* [What the task requires]: In the data below, locate each line with the word "determined" and list it.

━━━━━ Task data

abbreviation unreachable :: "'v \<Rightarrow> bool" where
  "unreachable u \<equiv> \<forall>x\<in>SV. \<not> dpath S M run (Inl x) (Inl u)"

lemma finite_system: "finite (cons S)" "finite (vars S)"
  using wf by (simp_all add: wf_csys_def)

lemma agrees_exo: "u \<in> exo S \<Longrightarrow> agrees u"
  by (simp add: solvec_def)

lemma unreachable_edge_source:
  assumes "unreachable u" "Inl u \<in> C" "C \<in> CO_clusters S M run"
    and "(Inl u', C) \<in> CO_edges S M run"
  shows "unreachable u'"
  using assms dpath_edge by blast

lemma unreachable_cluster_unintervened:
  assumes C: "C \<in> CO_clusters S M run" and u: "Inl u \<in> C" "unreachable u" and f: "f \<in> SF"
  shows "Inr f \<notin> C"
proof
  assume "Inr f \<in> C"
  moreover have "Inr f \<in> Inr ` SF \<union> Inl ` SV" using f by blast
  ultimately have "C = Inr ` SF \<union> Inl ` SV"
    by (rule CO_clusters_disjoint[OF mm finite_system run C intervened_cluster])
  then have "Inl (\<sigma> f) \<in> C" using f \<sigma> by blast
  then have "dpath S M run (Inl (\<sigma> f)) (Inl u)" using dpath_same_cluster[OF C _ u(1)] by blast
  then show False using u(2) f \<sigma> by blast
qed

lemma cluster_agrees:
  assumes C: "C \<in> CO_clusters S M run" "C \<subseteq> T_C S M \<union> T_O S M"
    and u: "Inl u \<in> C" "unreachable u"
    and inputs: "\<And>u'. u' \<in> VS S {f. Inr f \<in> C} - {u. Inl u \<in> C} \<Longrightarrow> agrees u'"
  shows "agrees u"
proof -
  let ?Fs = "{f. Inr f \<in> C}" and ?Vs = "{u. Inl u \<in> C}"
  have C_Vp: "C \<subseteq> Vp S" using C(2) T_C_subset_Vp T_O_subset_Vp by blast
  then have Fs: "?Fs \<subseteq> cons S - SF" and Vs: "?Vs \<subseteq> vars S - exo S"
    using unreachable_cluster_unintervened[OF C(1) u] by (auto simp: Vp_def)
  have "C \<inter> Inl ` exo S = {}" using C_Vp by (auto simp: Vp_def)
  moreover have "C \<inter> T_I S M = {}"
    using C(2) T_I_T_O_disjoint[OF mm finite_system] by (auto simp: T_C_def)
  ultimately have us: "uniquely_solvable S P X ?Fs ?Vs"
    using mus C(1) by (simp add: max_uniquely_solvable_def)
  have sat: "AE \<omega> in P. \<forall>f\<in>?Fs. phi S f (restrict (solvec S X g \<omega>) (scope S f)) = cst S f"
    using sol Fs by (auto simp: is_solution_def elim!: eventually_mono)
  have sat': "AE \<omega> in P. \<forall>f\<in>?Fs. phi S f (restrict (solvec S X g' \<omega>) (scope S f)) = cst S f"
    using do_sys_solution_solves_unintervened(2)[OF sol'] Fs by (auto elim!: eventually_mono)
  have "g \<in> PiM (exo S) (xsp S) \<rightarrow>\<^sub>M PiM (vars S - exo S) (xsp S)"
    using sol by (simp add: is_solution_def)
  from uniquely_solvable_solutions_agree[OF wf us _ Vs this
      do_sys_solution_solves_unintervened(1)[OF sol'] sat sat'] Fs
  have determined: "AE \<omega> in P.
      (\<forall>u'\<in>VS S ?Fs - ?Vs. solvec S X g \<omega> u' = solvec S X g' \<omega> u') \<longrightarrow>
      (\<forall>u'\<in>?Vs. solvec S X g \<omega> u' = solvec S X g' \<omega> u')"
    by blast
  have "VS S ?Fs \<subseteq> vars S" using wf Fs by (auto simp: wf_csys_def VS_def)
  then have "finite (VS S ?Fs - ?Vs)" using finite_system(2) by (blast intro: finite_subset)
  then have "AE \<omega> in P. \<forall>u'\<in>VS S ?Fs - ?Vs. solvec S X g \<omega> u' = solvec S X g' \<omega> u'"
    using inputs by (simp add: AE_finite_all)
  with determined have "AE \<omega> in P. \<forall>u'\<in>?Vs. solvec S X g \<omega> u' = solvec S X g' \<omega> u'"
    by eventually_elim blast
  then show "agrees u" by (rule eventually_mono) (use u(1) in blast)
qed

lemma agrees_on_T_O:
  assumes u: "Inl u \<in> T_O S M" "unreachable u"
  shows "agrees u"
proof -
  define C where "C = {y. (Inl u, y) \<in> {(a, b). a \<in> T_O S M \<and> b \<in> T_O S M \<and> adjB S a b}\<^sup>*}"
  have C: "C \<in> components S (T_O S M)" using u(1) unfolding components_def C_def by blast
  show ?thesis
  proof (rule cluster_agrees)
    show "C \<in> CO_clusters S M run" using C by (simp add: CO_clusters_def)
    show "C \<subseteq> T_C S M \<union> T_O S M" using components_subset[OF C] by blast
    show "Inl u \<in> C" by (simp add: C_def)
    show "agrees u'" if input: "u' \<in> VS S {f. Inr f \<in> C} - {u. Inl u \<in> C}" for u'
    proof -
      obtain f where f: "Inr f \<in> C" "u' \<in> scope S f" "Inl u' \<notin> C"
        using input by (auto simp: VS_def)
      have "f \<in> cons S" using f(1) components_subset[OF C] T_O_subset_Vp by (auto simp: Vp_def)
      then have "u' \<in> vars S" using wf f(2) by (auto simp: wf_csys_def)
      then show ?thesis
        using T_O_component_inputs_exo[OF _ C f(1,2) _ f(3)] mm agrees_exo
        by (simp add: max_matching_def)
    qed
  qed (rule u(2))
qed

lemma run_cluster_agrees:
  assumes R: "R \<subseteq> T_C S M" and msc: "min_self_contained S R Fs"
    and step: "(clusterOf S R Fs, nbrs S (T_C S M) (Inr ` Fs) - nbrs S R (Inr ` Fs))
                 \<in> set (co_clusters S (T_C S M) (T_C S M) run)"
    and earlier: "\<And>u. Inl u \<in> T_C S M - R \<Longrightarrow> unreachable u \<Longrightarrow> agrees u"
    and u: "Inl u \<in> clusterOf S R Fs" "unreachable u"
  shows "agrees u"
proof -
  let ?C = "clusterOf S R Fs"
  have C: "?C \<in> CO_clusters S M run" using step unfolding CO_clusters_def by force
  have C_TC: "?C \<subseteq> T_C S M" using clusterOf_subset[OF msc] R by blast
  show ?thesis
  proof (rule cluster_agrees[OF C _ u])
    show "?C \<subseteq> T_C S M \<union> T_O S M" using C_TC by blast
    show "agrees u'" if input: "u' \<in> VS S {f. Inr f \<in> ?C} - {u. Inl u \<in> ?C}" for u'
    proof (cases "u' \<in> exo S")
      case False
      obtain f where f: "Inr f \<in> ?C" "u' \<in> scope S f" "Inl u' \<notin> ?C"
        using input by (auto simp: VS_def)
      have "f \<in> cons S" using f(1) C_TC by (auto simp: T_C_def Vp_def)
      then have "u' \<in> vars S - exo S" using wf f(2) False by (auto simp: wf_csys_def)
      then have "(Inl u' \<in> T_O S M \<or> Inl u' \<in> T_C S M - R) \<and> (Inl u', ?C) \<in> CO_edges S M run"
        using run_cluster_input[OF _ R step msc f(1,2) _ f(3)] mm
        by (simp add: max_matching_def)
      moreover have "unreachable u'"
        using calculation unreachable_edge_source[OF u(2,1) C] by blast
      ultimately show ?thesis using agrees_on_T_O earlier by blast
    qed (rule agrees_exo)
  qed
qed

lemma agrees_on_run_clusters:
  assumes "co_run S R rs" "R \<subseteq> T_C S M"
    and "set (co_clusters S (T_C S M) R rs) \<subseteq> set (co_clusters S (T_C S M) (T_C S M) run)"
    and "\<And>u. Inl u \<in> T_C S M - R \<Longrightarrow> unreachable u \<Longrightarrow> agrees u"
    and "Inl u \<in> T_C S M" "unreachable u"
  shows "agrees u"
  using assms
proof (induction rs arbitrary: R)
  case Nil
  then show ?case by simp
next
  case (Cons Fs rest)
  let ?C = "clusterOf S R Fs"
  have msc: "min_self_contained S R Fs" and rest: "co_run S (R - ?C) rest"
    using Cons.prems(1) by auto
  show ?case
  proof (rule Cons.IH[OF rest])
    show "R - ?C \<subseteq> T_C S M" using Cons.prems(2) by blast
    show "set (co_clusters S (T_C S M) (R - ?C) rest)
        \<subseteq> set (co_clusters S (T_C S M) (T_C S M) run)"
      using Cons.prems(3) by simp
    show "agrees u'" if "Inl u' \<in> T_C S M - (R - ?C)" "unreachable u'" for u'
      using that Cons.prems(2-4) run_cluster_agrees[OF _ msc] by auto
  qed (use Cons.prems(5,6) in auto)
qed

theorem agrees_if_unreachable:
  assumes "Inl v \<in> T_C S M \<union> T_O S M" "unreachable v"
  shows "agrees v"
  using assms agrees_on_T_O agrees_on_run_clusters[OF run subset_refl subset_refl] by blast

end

━━━━━━━━━━
━━━━━ Task data

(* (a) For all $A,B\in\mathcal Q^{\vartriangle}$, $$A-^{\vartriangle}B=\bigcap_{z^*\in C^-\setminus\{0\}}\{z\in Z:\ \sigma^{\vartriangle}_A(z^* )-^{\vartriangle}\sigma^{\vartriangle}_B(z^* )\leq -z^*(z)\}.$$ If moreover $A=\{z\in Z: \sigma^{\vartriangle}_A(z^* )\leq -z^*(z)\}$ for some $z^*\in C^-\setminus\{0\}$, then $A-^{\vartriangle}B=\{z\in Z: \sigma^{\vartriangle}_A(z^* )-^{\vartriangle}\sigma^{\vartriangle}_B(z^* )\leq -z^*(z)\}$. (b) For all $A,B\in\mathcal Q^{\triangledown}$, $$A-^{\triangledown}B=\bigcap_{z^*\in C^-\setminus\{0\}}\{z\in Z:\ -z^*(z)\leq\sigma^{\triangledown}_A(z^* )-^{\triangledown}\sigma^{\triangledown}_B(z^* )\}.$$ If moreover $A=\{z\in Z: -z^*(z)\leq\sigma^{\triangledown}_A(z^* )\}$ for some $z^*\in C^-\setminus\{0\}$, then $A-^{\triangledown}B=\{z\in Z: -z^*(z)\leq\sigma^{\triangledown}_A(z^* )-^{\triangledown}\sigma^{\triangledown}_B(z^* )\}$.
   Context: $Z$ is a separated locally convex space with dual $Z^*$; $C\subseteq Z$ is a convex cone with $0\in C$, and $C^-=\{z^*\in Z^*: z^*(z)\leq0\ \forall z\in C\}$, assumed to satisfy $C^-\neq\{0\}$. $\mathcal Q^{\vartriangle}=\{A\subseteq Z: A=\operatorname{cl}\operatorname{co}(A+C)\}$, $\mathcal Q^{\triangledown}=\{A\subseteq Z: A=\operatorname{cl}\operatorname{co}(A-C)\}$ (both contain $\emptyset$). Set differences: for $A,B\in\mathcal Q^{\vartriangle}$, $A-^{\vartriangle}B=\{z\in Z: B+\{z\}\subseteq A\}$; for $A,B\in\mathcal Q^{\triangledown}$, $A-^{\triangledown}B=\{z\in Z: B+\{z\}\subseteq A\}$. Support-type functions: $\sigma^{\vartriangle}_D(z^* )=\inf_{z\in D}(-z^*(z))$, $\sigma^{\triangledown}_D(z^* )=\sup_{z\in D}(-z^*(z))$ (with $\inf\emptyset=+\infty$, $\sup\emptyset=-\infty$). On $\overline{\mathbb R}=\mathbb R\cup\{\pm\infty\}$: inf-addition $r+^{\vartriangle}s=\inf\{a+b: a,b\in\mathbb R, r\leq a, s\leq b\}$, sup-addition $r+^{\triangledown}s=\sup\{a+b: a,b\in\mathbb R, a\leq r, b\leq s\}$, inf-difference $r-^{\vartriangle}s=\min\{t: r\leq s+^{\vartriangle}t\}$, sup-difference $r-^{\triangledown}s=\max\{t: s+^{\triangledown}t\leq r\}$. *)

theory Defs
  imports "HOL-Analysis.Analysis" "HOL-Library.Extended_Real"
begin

━━━━━━━━━━

* [Problem solution]:
  have determined: "AE \<omega> in P.
  with determined have "AE \<omega> in P. \<forall>u'\<in>?Vs. solvec S X g \<omega> u' = solvec S X g' \<omega> u'"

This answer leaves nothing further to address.